Our novel approach complemented the limited resolution of short-read amplicon sequencing and limited sensitivity of the metagenome assembly-based approach, and highlighted the complex ecological processes underlying the ubiquity of freshwater bacterioplankton lineages. To fully exploit the performance of the method, its relatively low read throughput is the major bottleneck to be overcome in the future. Video abstract.
尽管淡水生境彼此隔绝,但淡水生境中仍栖息着具有世界性的细菌浮游生物谱系成员。这些谱系是根据 > 97%的 16S rRNA 基因序列相似性来划分的,但它们的种内微多样性和系统地理学对于理解其普遍性背后的生态进化过程至关重要,但仍未得到解决。在这里,我们应用靶向近全长 16S rRNA 基因和相邻核糖体内部转录间隔区序列的长读扩增子测序技术,揭示了日本和欧洲 11 个深淡水湖中浮游细菌聚集体的种内多样性。

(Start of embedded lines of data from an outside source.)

text \<open>
  The facet distances divided
  by the \<open>a\<^sub>i\<close> are the barycentric coordinates, so the point with barycentric coordinates
  proportional to \<open>1/a\<^sub>i\<close> is at distance \<open>1/(\<Sum> 1/a\<^sub>i)\<close> from every facet and nothing deeper
  exists: \<open>\<mu>(P) = \<Sum> 1/a\<^sub>i\<close>. As the \<open>a\<^sub>i\<close> are positive integers, \<open>\<mu>(P) \<ge> (n+1)/2\<close> forces either
  some \<open>a\<^sub>i = 1\<close> (a pyramid, of width one along that facet normal) or all \<open>a\<^sub>i = 2\<close>. In the
  latter case the primitive normals satisfy \<open>c\<^sub>i \<bullet> (v\<^sub>j - v\<^sub>0) = 2\<delta>\<^sub>i\<^sub>j\<close>. If all edges \<open>v\<^sub>j - v\<^sub>0\<close>
  are even, the halved edges form an integral inverse of the matrix of normals, which is then
  unimodular and maps \<open>P\<close> onto \<open>2\<Delta>\<^sub>n\<close>. Otherwise some coordinate functional is odd on some
  edge; correcting it by integer multiples of the \<open>c\<^sub>i\<close> gives a lattice functional that takes
  only two consecutive values on the vertices.
\<close>

lemma lattice_point_add: "lattice_point a \<Longrightarrow> lattice_point b \<Longrightarrow> lattice_point (a + b)"
  by (auto simp: lattice_point_def)

lemma lattice_point_diff: "lattice_point a \<Longrightarrow> lattice_point b \<Longrightarrow> lattice_point (a - b)"
  by (auto simp: lattice_point_def)

lemma lattice_point_scaleR: "k \<in> \<int> \<Longrightarrow> lattice_point a \<Longrightarrow> lattice_point (k *\<^sub>R a)"
  by (auto simp: lattice_point_def)

lemma lattice_point_sum: "(\<And>i. i \<in> S \<Longrightarrow> lattice_point (f i)) \<Longrightarrow> lattice_point (sum f S)"
  by (auto simp: lattice_point_def sum_component intro!: Ints_sum)

lemma lattice_point_axis: "lattice_point (axis i 1)"
  by (auto simp: lattice_point_def axis_def)

lemma inner_lattice_point_Ints:
  "lattice_point (a::real^'n) \<Longrightarrow> lattice_point b \<Longrightarrow> a \<bullet> b \<in> \<int>"
  by (auto simp: lattice_point_def inner_vec_def inner_real_def intro!: Ints_sum Ints_mult)

lemma det_Ints:
  fixes A :: "real^'n^'n"
  shows "(\<And>i j. A $ i $ j \<in> \<int>) \<Longrightarrow> det A \<in> \<int>"
  unfolding det_def by (auto intro!: Ints_sum Ints_mult Ints_prod)

lemma primitive_vec_lattice_point: "primitive_vec c \<Longrightarrow> lattice_point c"
  and primitive_vec_nonzero: "primitive_vec c \<Longrightarrow> c \<noteq> 0"
  by (simp_all add: primitive_vec_def)

lemma Ints_abs_ge_1: "x \<in> \<int> \<Longrightarrow> x \<noteq> 0 \<Longrightarrow> \<bar>x\<bar> \<ge> (1::real)"
  by (elim Ints_cases) auto

lemma multiplier_le_component:
  assumes "lattice_point c" "C = real k *\<^sub>R c" "C $ r \<noteq> 0"
  shows "real k \<le> \<bar>C $ r\<bar>"
proof -
  have "c $ r \<in> \<int>" "c $ r \<noteq> 0"
    using assms by (auto simp: lattice_point_def)
  then have "\<bar>c $ r\<bar> \<ge> 1" by (rule Ints_abs_ge_1)
  moreover have "\<bar>C $ r\<bar> = real k * \<bar>c $ r\<bar>"
    using assms(2) by (simp add: abs_mult)
  ultimately show ?thesis
    by (metis mult.right_neutral mult_left_mono of_nat_0_le_iff)
qed

text \<open>Divide out the largest possible positive integer factor.\<close>
lemma lattice_point_primitive_multiple:
  assumes C: "lattice_point C" "C \<noteq> 0"
  obtains k :: nat and c where "k > 0" "primitive_vec c" "C = real k *\<^sub>R c"
proof -
  obtain r where r: "C $ r \<noteq> 0" using C(2) by (metis vec_eq_iff zero_index)
  define K where "K = {k::nat. k > 0 \<and> (\<exists>c. lattice_point c \<and> C = real k *\<^sub>R c)}"
  have "K \<subseteq> {..nat \<lceil>\<bar>C $ r\<bar>\<rceil>}"
  proof
    fix k assume "k \<in> K"
    then have "real k \<le> \<bar>C $ r\<bar>"
      using multiplier_le_component[OF _ _ r] by (auto simp: K_def)
    then show "k \<in> {..nat \<lceil>\<bar>C $ r\<bar>\<rceil>}" by (simp add: le_nat_iff le_ceiling_iff)
  qed
  then have fin: "finite K" by (rule finite_subset) simp
  have "1 \<in> K" using C(1) by (auto simp: K_def)
  define k where "k = Max K"
  have "k \<in> K" unfolding k_def using fin \<open>1 \<in> K\<close> by (intro Max_in) auto
  then obtain c where c: "k > 0" "lattice_point c" "C = real k *\<^sub>R c"
    unfolding K_def by blast
  have "primitive_vec c"
    unfolding primitive_vec_def
  proof (intro conjI allI impI)
    show "c \<noteq> 0" using c C(2) by auto
    fix l :: int and c' assume l: "lattice_point c' \<and> c = of_int l *\<^sub>R c'"
    then have "l \<noteq> 0" using \<open>c \<noteq> 0\<close> by auto
    have "C = real (k * nat \<bar>l\<bar>) *\<^sub>R (of_int (sgn l) *\<^sub>R c')"
      using l c(3) \<open>l \<noteq> 0\<close> by (auto simp: abs_if sgn_if)
    moreover have "lattice_point (of_int (sgn l) *\<^sub>R c')"
      using l by (intro lattice_point_scaleR) auto
    ultimately have "k * nat \<bar>l\<bar> \<in> K" using c(1) \<open>l \<noteq> 0\<close> by (auto simp: K_def)
    then have "k * nat \<bar>l\<bar> \<le> k * 1" unfolding k_def using fin by simp
    then have "nat \<bar>l\<bar> \<le> 1" using c(1) by (metis mult_le_cancel1)
    then show "\<bar>l\<bar> = 1" using \<open>l \<noteq> 0\<close> by linarith
  qed (use c in auto)
  then show thesis using that c by blast
qed

text \<open>By Bezout, both vectors are integer multiples of the lattice point \<open>w\<close> below.\<close>
lemma primitive_vec_eq_if_positive_multiples:
  fixes c c' :: "real^'n"
  assumes prim: "primitive_vec c" "primitive_vec c'" and pos: "p > 0" "q > 0"
    and eq: "of_int p *\<^sub>R c = of_int q *\<^sub>R c'"
  shows "c = c'"
proof -
  define g where "g = gcd p q"
  obtain x y where "x * p + y * q = g" unfolding g_def using bezout_int by blast
  then have xy: "real_of_int x * of_int p + of_int y * of_int q = of_int g"
    by (metis of_int_add of_int_mult)
  have g0: "g > 0" using pos by (simp add: g_def)
  obtain p' q' where p': "p = g * p'" and q': "q = g * q'"
    unfolding g_def by (meson gcd_dvd1 gcd_dvd2 dvdE)
  define w where "w = of_int x *\<^sub>R c' + of_int y *\<^sub>R c"
  have "lattice_point w"
    using prim unfolding w_def
    by (intro lattice_point_add lattice_point_scaleR) (auto dest: primitive_vec_lattice_point)
  have "of_int g *\<^sub>R (of_int q' *\<^sub>R w) = (of_int x * of_int p + of_int y * of_int q) *\<^sub>R c"
    using arg_cong[OF eq, of "scaleR (of_int x)"] q'
    by (simp add: w_def algebra_simps)
  then have "of_int g *\<^sub>R c = of_int g *\<^sub>R (of_int q' *\<^sub>R w)"
    by (simp only: xy)
  then have c: "c = of_int q' *\<^sub>R w" by (rule scaleR_left_imp_eq[rotated]) (use g0 in simp)
  have "of_int g *\<^sub>R (of_int p' *\<^sub>R w) = (of_int x * of_int p + of_int y * of_int q) *\<^sub>R c'"
    using arg_cong[OF eq, of "scaleR (of_int y)"] p'
    by (simp add: w_def algebra_simps)
  then have "of_int g *\<^sub>R c' = of_int g *\<^sub>R (of_int p' *\<^sub>R w)"
    by (simp only: xy)
  then have c': "c' = of_int p' *\<^sub>R w" by (rule scaleR_left_imp_eq[rotated]) (use g0 in simp)
  have "\<bar>q'\<bar> = 1" "\<bar>p'\<bar> = 1"
    using prim c c' \<open>lattice_point w\<close> unfolding primitive_vec_def by blast+
  moreover have "q' > 0" "p' > 0"
    using p' q' g0 pos by (auto simp: zero_less_mult_iff)
  ultimately show ?thesis using c c' by simp
qed

lemma lattice_scaled_solution:
  fixes R :: "real^'n^'n"
  assumes R: "\<And>i j. R $ i $ j \<in> \<int>" and d: "det R \<noteq> 0" and t: "lattice_point t"
  obtains C where "lattice_point C" "R *v C = (det R)\<^sup>2 *\<^sub>R t"
proof -
  define c where "c = (\<chi> k. det (\<chi> i j. if j = k then t $ i else R $ i $ j) / det R)"
  have Rc: "R *v c = t" using cramer[OF d] c_def by blast
  have "lattice_point (det R *\<^sub>R c)"
    using d R t by (auto simp: lattice_point_def c_def intro!: det_Ints)
  then have "lattice_point (det R *\<^sub>R (det R *\<^sub>R c))"
    by (rule lattice_point_scaleR[OF det_Ints[OF R]])
  moreover have "R *v (det R *\<^sub>R (det R *\<^sub>R c)) = (det R)\<^sup>2 *\<^sub>R t"
    by (simp add: matrix_vector_mult_scaleR Rc power2_eq_square)
  ultimately show thesis by (rule that)
qed

lemma abs_det_eq_1_if_integral_inverse:
  fixes A B :: "real^'n^'n"
  assumes "\<And>i j. A $ i $ j \<in> \<int>" "\<And>i j. B $ i $ j \<in> \<int>" "A ** B = mat 1"
  shows "\<bar>det A\<bar> = 1"
proof -
  obtain a b where a: "det A = of_int a" and b: "det B = of_int b"
    using det_Ints[of A] det_Ints[of B] assms(1,2) by (metis Ints_cases)
  have "of_int (a * b) = (1::real)"
    using det_mul[of A B] assms(3) a b by simp
  then have "a * b = 1" by (simp only: of_int_eq_1_iff)
  then show ?thesis using a zmult_eq_1_iff by fastforce
qed

lemma affine_image_convex_hull:
  fixes A :: "real^'n^'m"
  shows "(\<lambda>x. A *v x + t) ` (convex hull S) = convex hull ((\<lambda>x. A *v x + t) ` S)"
proof -
  have "(\<lambda>x. A *v x + t) ` (convex hull S) = (\<lambda>x. t + x) ` (\<lambda>x. A *v x) ` (convex hull S)"
    by (auto simp: image_image add.commute)
  also have "\<dots> = convex hull ((\<lambda>x. t + x) ` (\<lambda>x. A *v x) ` S)"
    by (simp add: convex_hull_linear_image[OF matrix_vector_mul_linear] convex_hull_translation)
  finally show ?thesis by (simp add: image_image add.commute)
qed

lemma matrix_mult_transpose_component:
  fixes A B :: "real^'n^'m"
  shows "(A ** transpose B) $ i $ j = A $ i \<bullet> B $ j"
  by (simp add: matrix_matrix_mult_def transpose_def inner_vec_def)

lemma ex_bij_betw_UNIV_1_CARD: "\<exists>\<tau> :: 'n::finite \<Rightarrow> nat. bij_betw \<tau> UNIV {1..CARD('n)}"
  using ex_bij_betw_nat_finite_1[of "UNIV :: 'n set"] bij_betw_inv_into by auto

locale lattice_simplex =
  fixes v :: "nat \<Rightarrow> real^'n"
  assumes lattice_vertex: "\<And>i. i \<le> CARD('n) \<Longrightarrow> lattice_point (v i)"
    and inj_vertex: "inj_on v {..CARD('n)}"
    and affine_independent: "\<not> affine_dependent (v ` {..CARD('n)})"
begin

definition vertex_hull :: "(real^'n) set" where
  "vertex_hull = convex hull (v ` {..CARD('n)})"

我们的单核苷酸分辨率分析,通过 shotgun 宏基因组测序进行了验证,揭示了 11 个主要细菌谱系中的每个谱系的 7-101 个扩增子序列变体,并证明了无法通过传统方法解决的同域、异域和时变微多样性。具有相似种内种群组成的样本聚类被鉴定出来,这些聚类始终支持日本和欧洲之间的遗传隔离。在区域尺度(高达数百公里)上,湖泊之间的扩散不太可能是一个限制因素,环境因素或遗传漂变可能是种群组成的决定因素。微多样化的程度因谱系而异,表明高度多样化的谱系(例如,Iluma-A2 和 acI-A1)通过包含特定于每个生境的基因型联合体来实现其普遍性,而较少多样化的谱系(例如,CL500-11)可能由于存在少数广泛分布的基因型而普遍存在。种内分化程度最低的是优势的下湖层特有的谱系(CL500-11),这表明尽管下湖层比上湖层更孤立,但它们在湖泊之间的扩散不受限制。
我们的新方法补充了短读扩增子测序的有限分辨率和基于宏基因组组装的方法的有限灵敏度,并强调了淡水浮游生物谱系普遍性背后的复杂生态过程。为了充分利用该方法的性能,其相对较低的读取通量是未来需要克服的主要瓶颈。